O botão cor-de-laranja que vos separa de uma doação e me separa de um sonho é à direita. Não custa nada.

quarta-feira, outubro 20, 2010

No barbeiro

Fui ao barbeiro, ouvir a rádio na comercial, pente 1, ler a Bola e ver como anda o Jesus. O senhor Zé pergunta-me se o corte é o do costume e eu pergunto-lhe se o Simão ainda é do Benfica. Pois. Qualquer dia, nem o Nuno Gomes, eu ( incrivelmente ) sei.
É que eu não percebo uma porra de bola.
E na verdade nunca entrei num barbeiro. E não li a Bola. Li a Tokion. E não ouvi a comercial, ouvi Junior Boys e por acaso uma que gosto e fica no ouvido.



E cada vez mais, o Chiado faz Lisboa parecer uma capital europeia.

Adenda: Hoje já ouvi esta música 20 vezes. Compulsivo.


A vossa ajuda continua a ser precisa. Dos 9 milhões de leitores, eu estimo que pelo menos 37 têm Paypal. Não se acanhem. Cor de laranja. Direita. Nenhuma doação é pequena demais - já tive uma que terminava em.12 cêntimos.

terça-feira, outubro 19, 2010

100 clientes

A Rute foi a centésima pessoa - reparem que digo centésima, e não "numero 100", como se ouve nos telejornais todos - a tornar-se seguidora deste tasco. Como prometido, vou vilipendiá-la.

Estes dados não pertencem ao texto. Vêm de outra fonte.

lemma expectation_pos_poisson_log_le:
  fixes \<mu> :: real
  assumes \<mu>: "3 \<le> \<mu>"
  shows "measure_pmf.expectation (pos_poisson_pmf \<mu>) (\<lambda>N. (1 + ln (real N)) / (real N)\<^sup>2)
    \<le> 28 * ln \<mu> / \<mu>\<^sup>2"
proof -
  have ln_\<mu>: "1 \<le> ln \<mu>"
    using \<mu> exp_le by (subst ln_ge_iff) auto
  define G where
    "G k = 6 * (1 + ln \<mu>) * (1 / ((real k + 1) * (real k + 2))) + 2 / \<mu> * (1 / (real k + 1))" for k :: nat
  have G_nonneg: "0 \<le> G k" for k using ln_\<mu> \<mu> by (simp add: G_def)
  have int_G: "integrable (measure_pmf q) G" for q
    unfolding G_def using integrable_inverse_Suc
    by (intro Bochner_Integration.integrable_add integrable_mult_right)
  have "measure_pmf.expectation (pos_poisson_pmf \<mu>) (\<lambda>N. (1 + ln (real N)) / (real N)\<^sup>2)
      \<le> measure_pmf.expectation (pos_poisson_pmf \<mu>) G"
  proof (rule expectation_pmf_mono[OF _ G_nonneg int_G])
    fix N assume "N \<in> set_pmf (pos_poisson_pmf \<mu>)"
    then have "1 \<le> N" using \<mu> unfolding pos_poisson_pmf_def by (subst (asm) set_cond_pmf) auto
    then show "(1 + ln (real N)) / (real N)\<^sup>2 \<le> G N"
      using inverse_square_log_le[of "real N" \<mu>] \<mu> by (simp add: G_def)
  qed
  also have "\<dots> \<le> 2 * measure_pmf.expectation (poisson_pmf \<mu>) G"
    using \<mu> by (intro expectation_pmf_le_dominated pmf_pos_poisson_le G_nonneg int_G) auto
  also have "\<dots> \<le> 2 * (6 * (1 + ln \<mu>) / \<mu>\<^sup>2 + 2 / \<mu> / \<mu>)"
    unfolding G_def[abs_def] using \<mu> ln_\<mu> by (intro mult_left_mono expectation_poisson_inverse_le) auto
  also have "\<dots> \<le> 28 * ln \<mu> / \<mu>\<^sup>2"
    using ln_\<mu> \<mu> by (simp add: field_simps power2_eq_square)
  finally show ?thesis .
qed
section \<open>Sequential Monte Carlo with the target as proposal\<close>

lemma smc_pmf_eq_resample_pmf:
  "smc_pmf gen target r \<beta> N x = resample_pmf (gen x) (smc_weight gen target r \<beta> x) N"
  by (simp add: smc_pmf_def resample_pmf_def)

lemma smc_weight_self:
  "smc_weight target target r \<beta> x y = (if pmf (target x) y = 0 then 0 else exp (\<beta> * r x y))"
  by (simp add: smc_weight_def)

lemma pmf_tilted_pmf:
  assumes "\<And>y. \<beta> * r x y \<le> c"
  shows "pmf (tilted_pmf target r \<beta> x) y =
    pmf (target x) y * exp (\<beta> * r x y) / measure_pmf.expectation (target x) (\<lambda>z. exp (\<beta> * r x z))"
proof -
  define e where "e z = exp (\<beta> * r x z)" for z
  define Z where "Z = measure_pmf.expectation (target x) e"
  have int_e: "integrable (measure_pmf (target x)) e"
    using assms by (intro integrable_measure_pmf_bounded[where B="exp c"]) (simp add: e_def)
  have e_nonneg: "0 \<le> e z" for z by (simp add: e_def)
  have Z: "0 < Z"
    using measure_pmf.integral_less_AE_space[of "target x" "\<lambda>_. 0" e] int_e
    by (simp add: Z_def e_def)
  have "(\<integral>\<^sup>+z. ennreal (pmf (target x) z * e z / Z) \<partial>count_space UNIV) =
      (\<integral>\<^sup>+z. ennreal (e z / Z) \<partial>measure_pmf (target x))"
    using Z by (simp add: nn_integral_measure_pmf ennreal_mult'[symmetric] e_def mult.assoc)
  also have "\<dots> = ennreal (measure_pmf.expectation (target x) (\<lambda>z. e z / Z))"
    using int_e Z e_nonneg by (intro nn_integral_eq_integral AE_I2) auto
  also have "measure_pmf.expectation (target x) (\<lambda>z. e z / Z) = 1"
    using Z by (simp add: Z_def)
  finally have "pmf (tilted_pmf target r \<beta> x) y = pmf (target x) y * e y / Z"
    unfolding tilted_pmf_def e_def[symmetric] Z_def[symmetric]
    using Z by (intro pmf_embed_pmf) (auto simp: e_def)
  then show ?thesis by (simp add: e_def[abs_def] Z_def)
qed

Rute, tens pouco que fazer. Seguir este blog? há aí tanto blog melhor. Aqui raramente tenho piada, embora tente. Não falo de sexo. Não falo de sapatos. Não falo do Benfica. Raramente ofereço passatempos e se o faço , é para meu proveito ( vide Take us to iPod Touch ). Não podes ser boa pessoa.

faltam 2

O centésimo cliente do PPC tem direito a ser vilipendiado on-line ainda hoje. Aproveitem.

Adenda1: falta 1.

Adenda2: O 100º cliente é a Rute.

Nada se vai meter no meu caminho, digo-vos. A campanha Take us to iPod Touch sabe que terá sucesso, porque sabe que a sua missão é um bocado fútil. Mas é minha.

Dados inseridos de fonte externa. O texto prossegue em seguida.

lemma compact_subvariety_amoeba_Int_line:
  fixes P :: "(('n::finite \<Rightarrow> nat) \<Rightarrow> complex) set"
  assumes "is_mpoly q" "q \<noteq> (\<lambda>_. 0)" "q \<in> P"
    and u: "u \<in> sphere 0 1 - non_generic_directions q"
  shows "compact (amoeba (torus \<inter> (\<Inter>f\<in>P. {z. mpoly_eval f z = 0})) \<inter> {p + s *\<^sub>R u | s. True})"
proof -
  let ?V = "torus \<inter> (\<Inter>f\<in>P. {z. mpoly_eval f z = 0})"
  have V_hypersurface: "amoeba ?V \<subseteq> amoeba {z \<in> torus. mpoly_eval q z = 0}"
    using assms(3) by (auto simp: amoeba_def)
  have rays: "\<forall>\<^sub>F s in at_top. p + s *\<^sub>R v \<notin> amoeba ?V" if "v = u \<or> v = -u" for v
  proof -
    have "inner w v \<noteq> 0" if "w \<in> exponent_differences {\<alpha>. q \<alpha> \<noteq> 0}" for w
      using u that \<open>v = u \<or> v = -u\<close> by (auto simp: non_generic_directions_def)
    then have "\<forall>\<^sub>F s in at_top. p + s *\<^sub>R v \<notin> amoeba {z \<in> torus. mpoly_eval q z = 0}"
      using assms(1,2) by (intro eventually_ray_not_in_hypersurface_amoeba inj_on_inner_exponent_vector)
    then show ?thesis
      by (rule eventually_mono) (use V_hypersurface in blast)
  qed
  have "closed (\<Inter>f\<in>P. {z::complex ^ 'n. mpoly_eval f z = 0})"
    by (intro closed_INT ballI closed_Collect_eq continuous_intros)
  then show ?thesis
    using rays[of u] rays[of "-u"] by (intro compact_amoeba_Int_line) simp_all
qed

theorem mainTheorem4:
  fixes V :: "(complex ^ 'n::finite) set"
  assumes "torus_subvariety V" and "V \<noteq> torus"
  shows "\<exists>B. B \<subseteq> sphere (0::real^'n) 1
           \<and> closedin (top_of_set (sphere (0::real^'n) 1)) B
           \<and> (top_of_set (sphere (0::real^'n) 1)) interior_of B = {}
           \<and> (\<forall>u \<in> sphere 0 1 - B. \<forall>p::real^'n.
                compact (amoeba V \<inter> {p + s *\<^sub>R u | s. True}))"
proof -
  obtain P where polys: "\<forall>f\<in>P. is_mpoly f"
    and V: "V = torus \<inter> (\<Inter>f\<in>P. {z. mpoly_eval f z = 0})"
    using assms(1) by (auto simp: torus_subvariety_def)
  obtain z q where "z \<in> torus" "q \<in> P" "mpoly_eval q z \<noteq> 0"
    using assms(2) V by auto
  then have q: "q \<in> P" "q \<noteq> (\<lambda>_. 0)" "is_mpoly q"
    using polys by (auto simp: mpoly_eval_def)
  show ?thesis
  proof (intro exI[of _ "non_generic_directions q"] conjI ballI allI)
    show "non_generic_directions q \<subseteq> sphere 0 1"
      by (simp add: non_generic_directions_def)
    show "closedin (top_of_set (sphere 0 1)) (non_generic_directions q)"
      using q(3) by (rule closedin_non_generic_directions)
    show "top_of_set (sphere 0 1) interior_of (non_generic_directions q) = {}"
      using q(3) by (rule interior_of_non_generic_directions)
  next
    fix u p :: "real ^ 'n"
    assume "u \<in> sphere 0 1 - non_generic_directions q"
    with q show "compact (amoeba V \<inter> {p + s *\<^sub>R u | s. True})"
      unfolding V by (intro compact_subvariety_amoeba_Int_line)
  qed
qed

end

De momento, não estou. Estou nos fundos. Qualquer coisa, toquem ao botão cor-de-laranja.

Montanhismo

Inconvenientes de ser solteiro:
A cama de casal ganha declives.

segunda-feira, outubro 18, 2010

Mais um donativo.


Já faltou mais.

Ora cá está

Depois de ouvir o estafado argumento "e o guito que vai para esses filmes portugueses que ninguém vê?", argumento próprio de quem anda a recolher informação de taxistas, gajos do PP e guionistas frustrados, encontrei esta infografia no Público.

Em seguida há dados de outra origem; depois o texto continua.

text \<open>\<open>rot45\<close> is the shear \<open>(u, v) \<mapsto> (u/\<surd>2 + v/\<surd>2, v)\<close> followed by the shear \<open>(a, b) \<mapsto> (a, a - \<surd>2 b)\<close>;
  their Jacobians \<open>1/\<surd>2\<close> and \<open>-\<surd>2\<close> cancel.\<close>
lemma nn_integral_rot45:
  fixes g :: "real \<times> real \<Rightarrow> ennreal"
  assumes [measurable]: "g \<in> borel_measurable borel"
  shows "(\<integral>\<^sup>+z. g (rot45 z) \<partial>lborel) = (\<integral>\<^sup>+z. g z \<partial>lborel)"
proof -
  define G where "G z = g (fst z, 1 * fst z + (- sqrt 2) * snd z)" for z
  have [measurable]: "g \<in> borel_measurable (borel \<Otimes>\<^sub>M borel)"
    by (simp add: borel_prod)
  have "G \<in> borel_measurable (borel \<Otimes>\<^sub>M borel)"
    unfolding G_def by measurable
  then have [measurable]: "G \<in> borel_measurable borel"
    by (simp add: borel_prod)
  have "g (rot45 z) = G (1 / sqrt 2 * fst z + 1 / sqrt 2 * snd z, snd z)" for z
  proof -
    have "(fst z + snd z) / sqrt 2 - sqrt 2 * snd z = (fst z - snd z) / sqrt 2"
      by (simp add: field_simps)
    then show ?thesis
      unfolding G_def rot45_def by (simp add: add_divide_distrib)
  qed
  then have "(\<integral>\<^sup>+z. g (rot45 z) \<partial>lborel) = ennreal (sqrt 2) * (\<integral>\<^sup>+z. G z \<partial>lborel)"
    using nn_integral_lborel_shear_fst[of G "1 / sqrt 2" "1 / sqrt 2"] by simp
  also have "(\<integral>\<^sup>+z. G z \<partial>lborel) = ennreal (1 / sqrt 2) * (\<integral>\<^sup>+z. g z \<partial>lborel)"
    unfolding G_def using nn_integral_lborel_shear_snd[of g "- sqrt 2" 1] by simp
  also have "ennreal (sqrt 2) * (ennreal (1 / sqrt 2) * (\<integral>\<^sup>+z. g z \<partial>lborel)) = (\<integral>\<^sup>+z. g z \<partial>lborel)"
    by (simp add: mult.assoc[symmetric] flip: ennreal_mult)
  finally show ?thesis .
qed

lemma distr_lborel_rot45: "distr lborel borel rot45 = (lborel :: (real \<times> real) measure)"
proof (rule measure_eqI)
  fix A :: "(real \<times> real) set"
  assume "A \<in> sets (distr lborel borel rot45)"
  then have [measurable]: "A \<in> sets borel"
    by simp
  have "emeasure (distr lborel borel rot45) A = emeasure lborel (rot45 -` A \<inter> space lborel)"
    by (rule emeasure_distr) auto
  also have "\<dots> = (\<integral>\<^sup>+z. indicator (rot45 -` A \<inter> space lborel) z \<partial>lborel)"
    by (rule nn_integral_indicator[symmetric]) measurable
  also have "\<dots> = (\<integral>\<^sup>+z. indicator A (rot45 z) \<partial>lborel)"
    by (intro nn_integral_cong) (simp add: indicator_def)
  also have "\<dots> = emeasure lborel A"
    by (subst nn_integral_rot45) simp_all
  finally show "emeasure (distr lborel borel rot45) A = emeasure lborel A" .
qed simp

lemma integral_rot45:
  fixes h :: "real \<times> real \<Rightarrow> real"
  assumes "h \<in> borel_measurable borel"
  shows "integral\<^sup>L lborel (\<lambda>z. h (rot45 z)) = integral\<^sup>L lborel h"
  using integral_distr[of rot45 lborel borel h] assms by (simp add: distr_lborel_rot45)

lemma limit_density_rot45:
  "limit_density \<alpha> \<beta> \<phi> z
     = gauss_kernel ((1 - (\<alpha> + \<beta>) / 2) / 2) ((1 - (\<beta> - \<alpha>) / 2) / 2) (rot45 z) * \<phi> (rot45 z)"
proof -
  obtain x y where z: "z = (x, y)"
    by fastforce
  have "- (x\<^sup>2 + y\<^sup>2) / 2 + (\<beta> / 4 * (x\<^sup>2 + y\<^sup>2) + \<alpha> / 2 * (x * y))
      = - ((1 - (\<alpha> + \<beta>) / 2) / 2) * ((x + y) / sqrt 2)\<^sup>2 - ((1 - (\<beta> - \<alpha>) / 2) / 2) * ((x - y) / sqrt 2)\<^sup>2"
    by (simp add: power_divide power2_eq_square field_simps)
  then show ?thesis
    unfolding z limit_density_def boltzmann_obs_def gauss_kernel_def rot45_def
    by (simp add: exp_add[symmetric] mult.assoc[symmetric])
qed

lemma integral_limit_density:
  assumes "continuous_on UNIV \<phi>"
  shows "integral\<^sup>L lborel (limit_density \<alpha> \<beta> \<phi>)
           = integral\<^sup>L lborel (\<lambda>w. gauss_kernel ((1 - (\<alpha> + \<beta>) / 2) / 2) ((1 - (\<beta> - \<alpha>) / 2) / 2) w * \<phi> w)"
proof -
  have [measurable]: "\<phi> \<in> borel_measurable borel"
    using assms by (rule borel_measurable_continuous_onI)
  show ?thesis
    unfolding limit_density_rot45 by (rule integral_rot45) measurable
qed

lemma gaussian2_diagonal:
  assumes "0 < a" "0 < b"
  shows "gaussian2 (1 / (2 * a)) 0 (1 / (2 * b))
           = density lborel (\<lambda>w. ennreal (gauss_kernel a b w / (sqrt (pi / a) * sqrt (pi / b))))"
proof -
  have "sqrt (pi / a) * sqrt (pi / b) = 2 * pi * sqrt (1 / (2 * a) * (1 / (2 * b)))"
  proof -
    have "sqrt (pi / a) * sqrt (pi / b) = pi / sqrt (a * b)"
      using assms by (simp add: real_sqrt_mult[symmetric] real_sqrt_divide power2_eq_square)
    moreover have "sqrt (1 / (2 * a) * (1 / (2 * b))) = 1 / (2 * sqrt (a * b))"
      using assms by (simp add: real_sqrt_divide real_sqrt_mult)
    ultimately show ?thesis
      by simp
  qed
  moreover have "- (1 / (2 * b) * x\<^sup>2 + 1 / (2 * a) * y\<^sup>2) / (2 * (1 / (2 * a) * (1 / (2 * b))))
                   = - a * x\<^sup>2 - b * y\<^sup>2" for x y
    using assms by (simp add: field_simps)
  ultimately show ?thesis
    unfolding gaussian2_def gauss_kernel_def by (simp add: case_prod_beta')
qed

Ali o pontinho na constelação é o orçamento para o ministério da cultura.
Desculpem lá, não podemos ser conhecidos lá fora só por causa do Eusébio e do Ronaldo. Deixem lá os chulos dos realizadores ganharem umas palmas em Cannes.

Adenda: O circulo correspondente não está à escala correcta. Foi aumentado, para facilidade de leitura, esclarece a legenda que só vi depois.

domingo, outubro 17, 2010

Fingerpainting

O Take us to iPod Touch não é a busca por um leitor de mp3, é a busca pela melhor plataforma portátil para fingerpainting e o mais parecido com um amigo invisivel depois dos 30. No post de lançamento falei disso por alto, agora quero mostrar o processo, que só posso fazer num Touch. Percebam como me é dificil viver sem esta máquina e como estão a privar a humanidade de ver nascer mais obras como esta com que vou explicar o processo:

Primeiro, um Touch. Ou um iPhone. Ou um iPad. Qualquer um funciona, mas há um que é melhor, pois depois de perdido, lembramo-nos que é o mais barato da gama: é o Touch.

Depois, o software. Os melhores apps são o SketchBook Mobile, o Brushes, o Layers ou o Inspire. Eu usava o Sketchbook Mobile e um dedo. Comigo funciona o indicador esquerdo. Uso-o bastante, é o meu preferido.
A interface do SketchBook é esta. Simples e com tudo o que o photoshop tem, praticamente.

Depois, desenhar. O meu processo é assim: esboço, cores gerais, detalhes. Isto muito resumido. A minha amiga Susy é a mestra nisto e explica a técnica dela - com a qual aprendi um bocado - neste tutorial.
Esboço


Cores gerais

Cores finais e detalhes

E é isto. Atenção: Isto só é possível porque o tempo que estou a desenhar isto, estou com os headphones a ouvir Stevie Wonder. Só funciona com Stevie. Tentei com Marvin Gaye e ainda saiu qualquer coisa, mas com Lionel Richie de 80's, por exemplo, já não dava nada.

Post comuna


O Prezado é de esquerda, mas detesta rótulos. Não sendo apolítico, é quase um a-anarca. É que até esse pessoal dos capuzes que parte montras de McDonalds o chateiam. Da mesma forma que não vota no Bloco nem no PC. Mas sonha com a reforma agrária. Especialmente se for dourada.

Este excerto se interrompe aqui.